What you could do is use nextcloud.${hostname}, and then access nextcloud on your intranet that way, if you just care about the subdomain.

Or if you really wanted to, you could host a DNS server on your pi, configure your chosen local zone on there, and configure your router to send across your pi’s IP address as the DNS server’s. Then all your computers (save for those that override the dhcp DNS server, though you could MITM DNS requests, unless your devices use one of the secure DNS transports) would go and ask your pi about all domain names, and you could pretty much configure anything you want (with your NixOS config). That’d be the way to go for a more serious homelab setup.

You could even go a step further and host wireguard on your pi and then have it host its own dhcp server, then you could use dyndns to let your devices use it as a VPN (after forwarding whatever port your wireguard setup expects), expanding access to your intranet to any device anywhere with a very minimal attack surface - you wouldn’t even need to do the masquerading thing that people usually associate with VPNs, it can just be a subnet. That’d be the really serious homelab setup

Vincent · February 11, 2025, 3:53pm

Thanks, this is enlightening! Eventually I’ll probably go the hosting-a-DNS-server on my Pi, since I’d like to look at running Pi-Hole there too. However, for now…

What you could do is use nextcloud.${hostname}, and then access nextcloud on your intranet that way, if you just care about the subdomain.

This actually sounds perfect! Would you have any pointers that I could look into on how to set that up, by any chance?

TLATER · February 11, 2025, 5:45pm

Afaict all you need to do is change this:

To this:

services.nextcloud = {
    enable = true;
    package = pkgs.nextcloud30;
    hostName = "nextcloud.${config.networking.hostName}";

The only thing this changes is that nginx will now read the incoming URL and if it matches “nextcloud.<hostname>” it will serve the nextcloud php files. Any requests to your hostname will resolve to your pi, and the subdomain should be ignored for that IP assignment, so it’s basically just metadata for nginx.

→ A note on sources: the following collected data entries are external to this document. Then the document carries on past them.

definition farQ0 :: "'a::real_normed_vector set \<Rightarrow> 'a \<Rightarrow> 'a set" where
  "farQ0 F x = farQ F x 0"

definition enlarge :: "'a::real_normed_vector set \<Rightarrow> real \<Rightarrow> 'a set" where
  "enlarge A r = {a + v |a v. a \<in> A \<and> norm v \<le> r}"

definition USUR :: "'a::real_normed_vector set \<Rightarrow> 'a set \<Rightarrow> bool" where
  "USUR F A \<longleftrightarrow>
     (\<forall>x\<in>A. \<exists>y. farQ0 F x = {y}) \<and>
     (\<forall>\<epsilon>>0. \<exists>\<delta>>0. \<forall>x\<in>A. farQ F x \<delta> \<subseteq> enlarge (farQ0 F x) \<epsilon>)"

definition rad_sets :: "'a::real_normed_vector set \<Rightarrow> 'a set \<Rightarrow> real" where
  "rad_sets A B = Sup {norm (a - b) |a b. a \<in> A \<and> b \<in> B}"

definition hausd :: "'a::real_normed_vector set \<Rightarrow> 'a set \<Rightarrow> real" where
  "hausd A B = Inf {r. r > 0 \<and> A \<subseteq> enlarge B r \<and> B \<subseteq> enlarge A r}"

definition UR :: "'a::real_normed_vector itself \<Rightarrow> bool" where
  "UR (TYPE('a)) \<longleftrightarrow>
     (\<forall>x y :: nat \<Rightarrow> 'a. (\<forall>n. norm (x n) = 1 \<and> norm (y n) = 1) \<longrightarrow>
        (\<lambda>n. norm ((1/2) *\<^sub>R (x n + y n))) \<longlonglongrightarrow> 1 \<longrightarrow>
        (\<lambda>n. norm (x n - y n)) \<longlonglongrightarrow> 0)"

end

theory Submission
  imports Defs
begin
lemma tuned_momentum_step_sizes:
  fixes m L \<kappa> \<rho> c \<alpha> :: real
  assumes m: "0 < m" "m \<le> L" and \<kappa>: "\<kappa> = L / m" and \<rho>: "0 < \<rho>" "\<rho> < 1"
    and c: "c = (\<kappa> - (1 + \<rho>) / (1 - \<rho>)) / (\<rho> * (\<kappa> + (1 + \<rho>) / (1 - \<rho>)))"
    and \<alpha>: "\<alpha> = (1 + \<rho>) * (1 + c * \<rho>) / L"
  shows "\<alpha> * m = (1 - \<rho>) * (1 - c * \<rho>)" and "\<alpha> * L = (1 + \<rho>) * (1 + c * \<rho>)"
proof -
  show step_L: "\<alpha> * L = (1 + \<rho>) * (1 + c * \<rho>)"
    using m \<alpha> by simp
  define s where "s = (1 + \<rho>) / (1 - \<rho>)"
  have s: "s * (1 - \<rho>) = 1 + \<rho>" "0 < s"
    using \<rho> unfolding s_def by (simp_all add: field_simps)
  have "0 < \<kappa>" using m \<kappa> by simp
  then have "c * (\<rho> * (\<kappa> + s)) = \<kappa> - s"
    using \<rho> s unfolding c s_def[symmetric] by simp
  then have "\<kappa> * (1 - c * \<rho>) = s * (1 + c * \<rho>)"
    by (simp add: algebra_simps)
  then have "\<kappa> * (1 - c * \<rho>) * (1 - \<rho>) = s * (1 - \<rho>) * (1 + c * \<rho>)"
    by simp
  then have "\<kappa> * (\<alpha> * m) = \<kappa> * ((1 - \<rho>) * (1 - c * \<rho>))"
    unfolding s(1) step_L[symmetric] using m \<kappa> by (simp add: ac_simps)
  then show "\<alpha> * m = (1 - \<rho>) * (1 - c * \<rho>)"
    using \<open>0 < \<kappa>\<close> by simp
qed
(* On the Lie algebra $\mathfrak{r}_2\mathfrak{r}_2$ with basis $e_1,\dots,e_4$, non-zero brackets $[e_1,e_2]=e_2$, $[e_3,e_4]=e_4$, and orientation $\mu=e^{1234}$, define $J$ by $Je_1=\tfrac{1}{\sqrt2}(e_2-e_4)$, $Je_2=\tfrac{1}{\sqrt2}(-e_1-e_3)$, $Je_3=\tfrac{1}{\sqrt2}(e_2+e_4)$, $Je_4=\tfrac{1}{\sqrt2}(e_1-e_3)$. Then $J$ is an almost complex structure inducing the orientation $\mu$, $J$ is tamed by the symplectic form $e^{12}+e^{34}$, and $J$ is not compatible with any symplectic form on $\mathfrak{r}_2\mathfrak{r}_2$. *)

theory Defs
  imports "HOL-Analysis.Analysis" "HOL-Library.Numeral_Type"
begin

text \<open>The Lie algebra r2r2 is modelled on real^4; the basis vector e_i is axis i 1,
  and the coordinate of x along e_i is x$i (i = 1,2,3,4 are the four distinct
  elements of the index type 4).\<close>

definition ebas :: "4 \<Rightarrow> real^4" where
  "ebas i = axis i 1"

definition r2r2_bracket :: "real^4 \<Rightarrow> real^4 \<Rightarrow> real^4" where
  "r2r2_bracket x y = (x$1 * y$2 - x$2 * y$1) *\<^sub>R ebas 2 + (x$3 * y$4 - x$4 * y$3) *\<^sub>R ebas 4"

definition mu1234 :: "real^4 \<Rightarrow> real^4 \<Rightarrow> real^4 \<Rightarrow> real^4 \<Rightarrow> real" where
  "mu1234 a b c d = det ((\<chi> i. if i = 1 then a else if i = 2 then b else if i = 3 then c else d) :: real^4^4)"

definition omega0 :: "real^4 \<Rightarrow> real^4 \<Rightarrow> real" where
  "omega0 x y = x$1 * y$2 - x$2 * y$1 + x$3 * y$4 - x$4 * y$3"

definition Jmap :: "real^4 \<Rightarrow> real^4" where
  "Jmap x =
     x$1 *\<^sub>R ((1 / sqrt 2) *\<^sub>R (ebas 2 - ebas 4))
   + x$2 *\<^sub>R ((1 / sqrt 2) *\<^sub>R (- ebas 1 - ebas 3))
   + x$3 *\<^sub>R ((1 / sqrt 2) *\<^sub>R (ebas 2 + ebas 4))
   + x$4 *\<^sub>R ((1 / sqrt 2) *\<^sub>R (ebas 1 - ebas 3))"

definition almost_complex :: "('a::real_vector \<Rightarrow> 'a) \<Rightarrow> bool" where
  "almost_complex J \<longleftrightarrow> linear J \<and> (\<forall>x. J (J x) = - x)"

text \<open>J (on a 4-dimensional space) induces the orientation of the volume form mu:
  every complex basis (v, Jv, w, Jw) is positively oriented with respect to mu.\<close>
definition induces_orientation :: "(real^4 \<Rightarrow> real^4) \<Rightarrow> (real^4 \<Rightarrow> real^4 \<Rightarrow> real^4 \<Rightarrow> real^4 \<Rightarrow> real) \<Rightarrow> bool" where
  "induces_orientation J mu \<longleftrightarrow>
     (\<forall>v w. mu v (J v) w (J w) \<noteq> 0 \<longrightarrow> mu v (J v) w (J w) > 0)"

text \<open>Symplectic form on a Lie algebra with bracket br: skew-symmetric bilinear,
  nondegenerate, and closed for the Chevalley-Eilenberg differential.\<close>
definition symplectic_form :: "('a::real_vector \<Rightarrow> 'a \<Rightarrow> 'a) \<Rightarrow> ('a \<Rightarrow> 'a \<Rightarrow> real) \<Rightarrow> bool" where
  "symplectic_form br \<omega> \<longleftrightarrow>
     bilinear \<omega> \<and> (\<forall>x y. \<omega> x y = - \<omega> y x) \<and>
     (\<forall>x. x \<noteq> 0 \<longrightarrow> (\<exists>y. \<omega> x y \<noteq> 0)) \<and>
     (\<forall>x y z. \<omega> (br x y) z + \<omega> (br y z) x + \<omega> (br z x) y = 0)"

definition tames :: "('a::real_vector \<Rightarrow> 'a \<Rightarrow> real) \<Rightarrow> ('a \<Rightarrow> 'a) \<Rightarrow> bool" where
  "tames \<omega> J \<longleftrightarrow> (\<forall>x. x \<noteq> 0 \<longrightarrow> \<omega> x (J x) > 0)"

definition compatible :: "('a::real_vector \<Rightarrow> 'a \<Rightarrow> real) \<Rightarrow> ('a \<Rightarrow> 'a) \<Rightarrow> bool" where
  "compatible \<omega> J \<longleftrightarrow> tames \<omega> J \<and> (\<forall>x y. \<omega> (J x) (J y) = \<omega> x y)"

end

theory Submission
  imports Defs
begin

text \<open>
  In coordinates, \<open>\<omega>\<^sub>0(x, Jx) = |x|\<^sup>2 / \<surd>2\<close>, so \<open>J\<close> is tamed by \<open>\<omega>\<^sub>0 = e\<^sup>1\<^sup>2 + e\<^sup>3\<^sup>4\<close>, and
  \<open>\<mu>(v, Jv, w, Jw)\<close> is a sum of squares, so \<open>J\<close> induces the orientation \<open>\<mu>\<close>.
  For an arbitrary closed 2-form \<open>\<omega>\<close>, closedness evaluated on \<open>(e\<^sub>1, e\<^sub>3, e\<^sub>4)\<close> and
  \<open>(e\<^sub>1, e\<^sub>2, e\<^sub>3)\<close> kills \<open>\<omega>\<^sub>1\<^sub>4\<close> and \<open>\<omega>\<^sub>2\<^sub>3\<close>. Then \<open>J\<close>-invariance on \<open>(e\<^sub>1, e\<^sub>2)\<close> reads
  \<open>\<omega>\<^sub>1\<^sub>2 = (\<omega>\<^sub>1\<^sub>2 - \<omega>\<^sub>3\<^sub>4) / 2\<close>, i.e. \<open>\<omega>\<^sub>3\<^sub>4 = -\<omega>\<^sub>1\<^sub>2\<close>, whereas taming at \<open>e\<^sub>1\<close> and \<open>e\<^sub>3\<close> gives
  \<open>\<omega>\<^sub>1\<^sub>2 > 0\<close> and \<open>\<omega>\<^sub>3\<^sub>4 > 0\<close>.
\<close>

lemma vec_eq_iff_4: "(x::'a^4) = y \<longleftrightarrow> x$1 = y$1 \<and> x$2 = y$2 \<and> x$3 = y$3 \<and> x$4 = y$4"
  by (simp add: vec_eq_iff forall_4)

lemma det_4x4:
  "det (A::'a::comm_ring_1^4^4) =
    A$1$1 * (A$2$2 * A$3$3 * A$4$4 + A$2$3 * A$3$4 * A$4$2 + A$2$4 * A$3$2 * A$4$3
             - A$2$2 * A$3$4 * A$4$3 - A$2$3 * A$3$2 * A$4$4 - A$2$4 * A$3$3 * A$4$2)
  - A$1$2 * (A$2$1 * A$3$3 * A$4$4 + A$2$3 * A$3$4 * A$4$1 + A$2$4 * A$3$1 * A$4$3
             - A$2$1 * A$3$4 * A$4$3 - A$2$3 * A$3$1 * A$4$4 - A$2$4 * A$3$3 * A$4$1)
  + A$1$3 * (A$2$1 * A$3$2 * A$4$4 + A$2$2 * A$3$4 * A$4$1 + A$2$4 * A$3$1 * A$4$2
             - A$2$1 * A$3$4 * A$4$2 - A$2$2 * A$3$1 * A$4$4 - A$2$4 * A$3$2 * A$4$1)
  - A$1$4 * (A$2$1 * A$3$2 * A$4$3 + A$2$2 * A$3$3 * A$4$1 + A$2$3 * A$3$1 * A$4$2
             - A$2$1 * A$3$3 * A$4$2 - A$2$2 * A$3$1 * A$4$3 - A$2$3 * A$3$2 * A$4$1)"
proof -
  have "finite {2::4, 3, 4}" "1 \<notin> {2::4, 3, 4}"
    and "finite {3::4, 4}" "2 \<notin> {3::4, 4}"
    and "finite {4::4}" "3 \<notin> {4::4}" by auto
  note expand = sum_over_permutations_insert[OF this(1,2)] sum_over_permutations_insert[OF this(3,4)]
    sum_over_permutations_insert[OF this(5,6)]
  show ?thesis
    unfolding det_def UNIV_4 expand permutes_sing
    by (simp add: sign_swap_id permutation_swap_id sign_compose permutation_compose swap_id_eq algebra_simps)
qed

lemma tames_imp_nondegenerate:
  assumes "tames \<omega> J" and "x \<noteq> 0"
  shows "\<exists>y. \<omega> x y \<noteq> 0"
  using assms unfolding tames_def by (metis less_irrefl)

lemma ebas_nth [simp]: "ebas i $ j = (if j = i then 1 else 0)"
  by (simp add: ebas_def axis_def)

lemma Jmap_ebas:
  "Jmap (ebas 1) = (1 / sqrt 2) *\<^sub>R (ebas 2 - ebas 4)"
  "Jmap (ebas 2) = (1 / sqrt 2) *\<^sub>R (- ebas 1 - ebas 3)"
  "Jmap (ebas 3) = (1 / sqrt 2) *\<^sub>R (ebas 2 + ebas 4)"
  "Jmap (ebas 4) = (1 / sqrt 2) *\<^sub>R (ebas 1 - ebas 3)"
  by (simp_all add: Jmap_def)

lemma Jmap_nth:
  "Jmap x $ 1 = (x$4 - x$2) / sqrt 2"
  "Jmap x $ 2 = (x$1 + x$3) / sqrt 2"
  "Jmap x $ 3 = - (x$2 + x$4) / sqrt 2"
  "Jmap x $ 4 = (x$3 - x$1) / sqrt 2"
  by (simp_all add: Jmap_def field_simps)

lemma mu1234_Jmap:
  "mu1234 v (Jmap v) w (Jmap w) =
     ((2 * v$1 * w$3 - 2 * v$3 * w$1 - (v$2 - v$4) * (w$2 + w$4) + (v$2 + v$4) * (w$2 - w$4))\<^sup>2
      + 2 * (v$1 * (w$2 + w$4) - v$3 * (w$2 - w$4) + (v$2 - v$4) * w$3 - (v$2 + v$4) * w$1)\<^sup>2) / 4"
  unfolding mu1234_def det_4x4 by (simp add: Jmap_nth divide_simps power2_eq_square) algebra

lemma almost_complex_Jmap: "almost_complex Jmap"
  unfolding almost_complex_def
proof
  show "linear Jmap"
    by (rule linearI)
      (simp_all add: vec_eq_iff_4 Jmap_nth add_divide_distrib diff_divide_distrib algebra_simps)
  show "\<forall>x. Jmap (Jmap x) = - x"
    by (simp add: vec_eq_iff_4 Jmap_nth divide_simps)
qed

lemma omega0_Jmap: "omega0 x (Jmap x) = ((x$1)\<^sup>2 + (x$2)\<^sup>2 + (x$3)\<^sup>2 + (x$4)\<^sup>2) / sqrt 2"
  by (simp add: omega0_def Jmap_nth divide_simps power2_eq_square) algebra

lemma tames_omega0_Jmap: "tames omega0 Jmap"
  unfolding tames_def
proof (intro allI impI)
  fix x :: "real^4"
  assume "x \<noteq> 0"
  then have "x$1 \<noteq> 0 \<or> x$2 \<noteq> 0 \<or> x$3 \<noteq> 0 \<or> x$4 \<noteq> 0"
    by (auto simp: vec_eq_iff_4)
  then have "(x$1)\<^sup>2 + (x$2)\<^sup>2 + (x$3)\<^sup>2 + (x$4)\<^sup>2 > 0"
    by (auto simp: add_pos_nonneg add_nonneg_pos)
  then show "omega0 x (Jmap x) > 0"
    by (simp add: omega0_Jmap)
qed

lemma symplectic_form_omega0: "symplectic_form r2r2_bracket omega0"
  unfolding symplectic_form_def
proof (intro conjI allI impI)
  show "bilinear omega0"
    unfolding bilinear_def by (auto intro!: linearI simp: omega0_def algebra_simps)
  show "omega0 x y = - omega0 y x" for x y
    by (simp add: omega0_def)
  show "\<exists>y. omega0 x y \<noteq> 0" if "x \<noteq> 0" for x
    using tames_imp_nondegenerate[OF tames_omega0_Jmap that] .
  show "omega0 (r2r2_bracket x y) z + omega0 (r2r2_bracket y z) x + omega0 (r2r2_bracket z x) y = 0"
    for x y z
    by (simp add: omega0_def r2r2_bracket_def algebra_simps)
qed

lemma induces_orientation_Jmap: "induces_orientation Jmap mu1234"
  unfolding induces_orientation_def mu1234_Jmap by (auto simp: less_le)

lemma r2r2_closed_form_vanishing:
  assumes "symplectic_form r2r2_bracket \<omega>"
  shows "\<omega> (ebas 1) (ebas 4) = 0" "\<omega> (ebas 2) (ebas 3) = 0"
proof -
  from assms have bil: "bilinear \<omega>"
    and closed: "\<And>x y z. \<omega> (r2r2_bracket x y) z + \<omega> (r2r2_bracket y z) x + \<omega> (r2r2_bracket z x) y = 0"
    and skew: "\<And>x y. \<omega> x y = - \<omega> y x"
    unfolding symplectic_form_def by blast+
  have br: "r2r2_bracket (ebas 1) (ebas 2) = ebas 2" "r2r2_bracket (ebas 3) (ebas 4) = ebas 4"
    "r2r2_bracket (ebas 1) (ebas 3) = 0" "r2r2_bracket (ebas 3) (ebas 1) = 0"
    "r2r2_bracket (ebas 2) (ebas 3) = 0" "r2r2_bracket (ebas 4) (ebas 1) = 0"
    by (simp_all add: r2r2_bracket_def vec_eq_iff_4)
  show "\<omega> (ebas 1) (ebas 4) = 0"
    using closed[of "ebas 1" "ebas 3" "ebas 4"] skew[of "ebas 4" "ebas 1"]
    by (simp add: br bilinear_lzero[OF bil])
  show "\<omega> (ebas 2) (ebas 3) = 0"
    using closed[of "ebas 1" "ebas 2" "ebas 3"]
    by (simp add: br bilinear_lzero[OF bil])
qed

lemma no_compatible_symplectic_form_Jmap:
  "\<not> (\<exists>\<omega>. symplectic_form r2r2_bracket \<omega> \<and> compatible \<omega> Jmap)"
proof
  assume "\<exists>\<omega>. symplectic_form r2r2_bracket \<omega> \<and> compatible \<omega> Jmap"
  then obtain \<omega> where sympl: "symplectic_form r2r2_bracket \<omega>" and compat: "compatible \<omega> Jmap"
    by blast
  then have bil: "bilinear \<omega>" and skew: "\<And>x y. \<omega> x y = - \<omega> y x"
    unfolding symplectic_form_def by blast+
  have tame: "\<And>x. x \<noteq> 0 \<Longrightarrow> \<omega> x (Jmap x) > 0" and inv: "\<omega> (Jmap x) (Jmap y) = \<omega> x y" for x y
    using compat unfolding compatible_def tames_def by blast+
  note expand = bilinear_lmul[OF bil] bilinear_rmul[OF bil] bilinear_ladd[OF bil]
    bilinear_radd[OF bil] bilinear_lsub[OF bil] bilinear_rsub[OF bil]
    bilinear_lneg[OF bil] bilinear_rneg[OF bil]
  note vanish = r2r2_closed_form_vanishing[OF sympl]
  have "ebas 1 \<noteq> 0" "ebas 3 \<noteq> 0" by (simp_all add: vec_eq_iff_4)
  then have "\<omega> (ebas 1) (Jmap (ebas 1)) > 0" "\<omega> (ebas 3) (Jmap (ebas 3)) > 0"
    by (simp_all add: tame)
  then have pos12: "\<omega> (ebas 1) (ebas 2) > 0" and pos34: "\<omega> (ebas 3) (ebas 4) > 0"
    using skew[of "ebas 3" "ebas 2"] by (simp_all add: Jmap_ebas expand vanish zero_less_divide_iff)
  have "\<omega> (ebas 1) (ebas 2) = \<omega> (Jmap (ebas 1)) (Jmap (ebas 2))"
    by (simp add: inv)
  also have "\<dots> = (\<omega> (ebas 1) (ebas 2) - \<omega> (ebas 3) (ebas 4)) / 2"
    using skew[of "ebas 2" "ebas 1"] skew[of "ebas 3" "ebas 2"] skew[of "ebas 4" "ebas 1"]
      skew[of "ebas 4" "ebas 3"]
    by (simp add: Jmap_ebas expand vanish divide_simps)
  finally show False using pos12 pos34 by simp
qed

theorem mainTheorem3:
  shows "almost_complex Jmap
    \<and> induces_orientation Jmap mu1234
    \<and> symplectic_form r2r2_bracket omega0
    \<and> tames omega0 Jmap
    \<and> \<not> (\<exists>\<omega>. symplectic_form r2r2_bracket \<omega> \<and> compatible \<omega> Jmap)"
  using almost_complex_Jmap induces_orientation_Jmap symplectic_form_omega0
    tames_omega0_Jmap no_compatible_symplectic_form_Jmap
  by blast

end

Vincent · February 11, 2025, 8:56pm

Hmm, that would’ve been amazing, but unfortunately doesn’t seem to do it. At first it fails as such:

× acme-nextcloud.pi.service - Renew ACME certificate for nextcloud.pi
     Loaded: loaded (/etc/systemd/system/acme-nextcloud.pi.service; enabled; preset: ignored)
     Active: failed (Result: exit-code) since Tue 2025-02-11 21:28:45 CET; 9s ago

After commenting out

        #forceSSL = true;
        #enableACME = true;

it does succeed, but then trying to visit http://nextcloud.pi results in a server not found error

TLATER · February 11, 2025, 10:06pm

Yes, you can’t ask letsencrypt to certify that you are the canonical owner of the hostname pi. If you want to have SSL on your intranet, you’ll have to use a self-signed certificate (or have your own root CA whose certificates you install on all your devices).

That’s unfortunate, I dug around a bit and it looks like not all dhcp implementations support this. Perhaps a local DNS server is your only option. Many routers come with features for this, though, check if it supplies a .local tld somewhere.